For more on marking an answer as the "Best Answer", please visit our FAQ.I do what georgeous has said - simply divide two numbers so that the result has a recurring decimal. You have almost the same model of calculator as I do so I don't think there is a better way than this (but what could be quicker anyway?)
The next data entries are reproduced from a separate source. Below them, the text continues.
lemma binary_strong_duality_indifference_price:
  fixes A :: "'r \<Rightarrow> 'v \<Rightarrow> real" and w :: "'v \<Rightarrow> int"
  assumes fin: "finite R" "finite V" and v: "v \<in> V"
    and zero: "primal_feasible R V A b (\<lambda>_. 0)" and one: "primal_feasible R V A b (\<lambda>_. 1)"
    and bsd: "binary_strong_duality R V A b"
  obtains d u where "\<forall>r\<in>R. u r \<in> \<int>"
    and "\<And>t. t \<in> {0, 1} \<Longrightarrow> \<exists>y. (\<forall>x\<in>V. y x \<in> {0, 1}) \<and> y v = t \<and>
      duality_certificate R V A b (\<lambda>x. of_int ((w(v := - d)) x)) y u"
proof -
  define slice where "slice t y \<longleftrightarrow> (\<forall>x\<in>V. y x \<in> {0, 1}) \<and> primal_feasible R V A b y \<and> y v = t"
    for t and y :: "'v \<Rightarrow> real"
  define val where "val y = (\<Sum>x\<in>V - {v}. of_int (w x) * y x)" for y :: "'v \<Rightarrow> real"
  have "\<exists>y. slice t y \<and> (\<forall>y'. slice t y' \<longrightarrow> val y' \<le> val y)" if "t \<in> {0, 1}" for t :: real
    unfolding val_def
    by (rule binary_maximizer_exists[of _ _ "\<lambda>_. t"]) (use fin zero one that in \<open>auto simp: slice_def\<close>)
  then obtain y\<^sub>0 y\<^sub>1 where y\<^sub>0: "slice 0 y\<^sub>0" "\<And>y. slice 0 y \<Longrightarrow> val y \<le> val y\<^sub>0"
    and y\<^sub>1: "slice 1 y\<^sub>1" "\<And>y. slice 1 y \<Longrightarrow> val y \<le> val y\<^sub>1"
    by (metis insertCI)
  have "val y\<^sub>1 - val y\<^sub>0 \<in> \<int>"
    using y\<^sub>0(1) y\<^sub>1(1) unfolding val_def slice_def
    by (intro Ints_diff Ints_sum Ints_mult) auto
  \<comment> \<open>With weight \<open>-d\<close> on \<open>v\<close> both values of \<open>v\<close> are optimal.\<close>
  then obtain d where d: "of_int d = val y\<^sub>1 - val y\<^sub>0"
    by (metis Ints_cases)
  let ?w = "\<lambda>x. of_int ((w(v := - d)) x) :: real"
  obtain y' u where y': "\<forall>x\<in>V. y' x \<in> {0, 1}" and u: "\<forall>r\<in>R. u r \<in> \<int>"
    and cert: "duality_certificate R V A b ?w y' u"
    using bsd unfolding binary_strong_duality_def binary_certified_def by blast
  have val_w: "(\<Sum>x\<in>V. ?w x * y x) = - of_int d * y v + val y" for y
  proof -
    have "(\<Sum>x\<in>V - {v}. ?w x * y x) = val y"
      unfolding val_def by (rule sum.cong) auto
    then show ?thesis
      unfolding sum.remove[OF fin(2) v] by simp
  qed
  have "slice (y' v) y'" "y' v \<in> {0, 1}"
    using y' v cert unfolding slice_def duality_certificate_def by auto
  moreover have "(\<Sum>r\<in>R. b r * u r) = - of_int d * y' v + val y'"
    using cert unfolding duality_certificate_def val_w by simp
  ultimately have "(\<Sum>r\<in>R. b r * u r) \<le> val y\<^sub>0"
    using y\<^sub>0(2) y\<^sub>1(2) d by auto
  moreover have "val y\<^sub>0 \<le> (\<Sum>r\<in>R. b r * u r)"
    using weak_duality[OF fin, of A b y\<^sub>0 ?w u] y\<^sub>0(1) cert
    unfolding val_w slice_def duality_certificate_def by simp
  ultimately have "duality_certificate R V A b ?w y u" if "slice t y" "- of_int d * t + val y = val y\<^sub>0" for t y
    using that cert unfolding duality_certificate_def slice_def val_w by auto
  then have "duality_certificate R V A b ?w y\<^sub>0 u" "duality_certificate R V A b ?w y\<^sub>1 u"
    using y\<^sub>0(1) y\<^sub>1(1) d by auto
  with y\<^sub>0(1) y\<^sub>1(1) u show thesis
    by (intro that[of u d]) (auto simp: slice_def)
qed
lemma elog_less_0: "0 < z \<Longrightarrow> z < 1 \<Longrightarrow> elog z < 0"
  by (cases z rule: ennreal_cases) (auto simp: elog_def ennreal_less_iff)

lemma
  fixes t :: real
  defines "I \<equiv> sparse_index ` {10..}"
  shows convergent_pressure_seq_sparse: "convergent (pressure_seq diagA I t)"
    and pressure_sparse_eq_top: "t < 3/2 \<Longrightarrow> pressure diagA I t = \<infinity>"
    and pressure_sparse_less_0: "3/2 \<le> t \<Longrightarrow> pressure diagA I t < 0"
proof -
  define Z where "Z = (\<Sum>\<^sub>\<infinity>i\<in>{10..}. ennreal (real (sparse_index i) powr (- diag_exponent t)))"
  have "\<forall>n\<in>I. 1 \<le> n"
    using sparse_index_pos by (auto simp: I_def Suc_le_eq)
  then have pressure: "convergent (pressure_seq diagA I t) \<and> pressure diagA I t = elog Z"
    using pressure_diagA[of I t] strict_mono_on_imp_inj_on[OF sparse_index_strict_mono]
    by (simp add: Z_def I_def infsum_reindex o_def)
  then show "convergent (pressure_seq diagA I t)" ..
  show "pressure diagA I t = \<infinity>" if "t < 3/2"
    using pressure sparse_series_eq_top[of "diag_exponent t"] that
    by (simp add: Z_def diag_exponent_def elog_def)
  show "pressure diagA I t < 0" if "3/2 \<le> t"
    using pressure elog_less_0[OF sparse_series_pos sparse_series_less_1] that
    by (simp add: Z_def diag_exponent_def)
qed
All the recurring decimals where it is all the same number (0.1111111..., 0.2222222... etc.) are just x/9. So 1/9 = 0.1111111...; 5/9 = 0.5555555... and so on.
For the more difficult ones, such as 0.7171717171... you can work them out like this:
x = 0.7171717171...
100x = 71.7171717171...
100x - x = 99x
71.7171... - 0.7171... = 71
99x = 71
x = 71/99 = 0.7171717171...
You can see that, for single recurring decimals (0.xxxxxxxxx...) you divide "x" by 9 to get the decimal on the calculator. For double recurring decimals (0.xyxyxyxyxy...) you divide the number "xy" by 99 where xy is not "x times y" but a number, e.g. for 25, x = 2, y = 5. For a three-number recurring decimal, you divide "xyz" by 999 and so on, so you see you can quickly get this kind of number on your calculator screen.
For recurring decimals that do not recur from the start, e.g. 0.596424242424242... you can either add 0.596 to the easy fraction 0.424242... (but divided by 1000) or work them out in a single fraction, i.e. 59,046 / 99,000 = 0.596424242...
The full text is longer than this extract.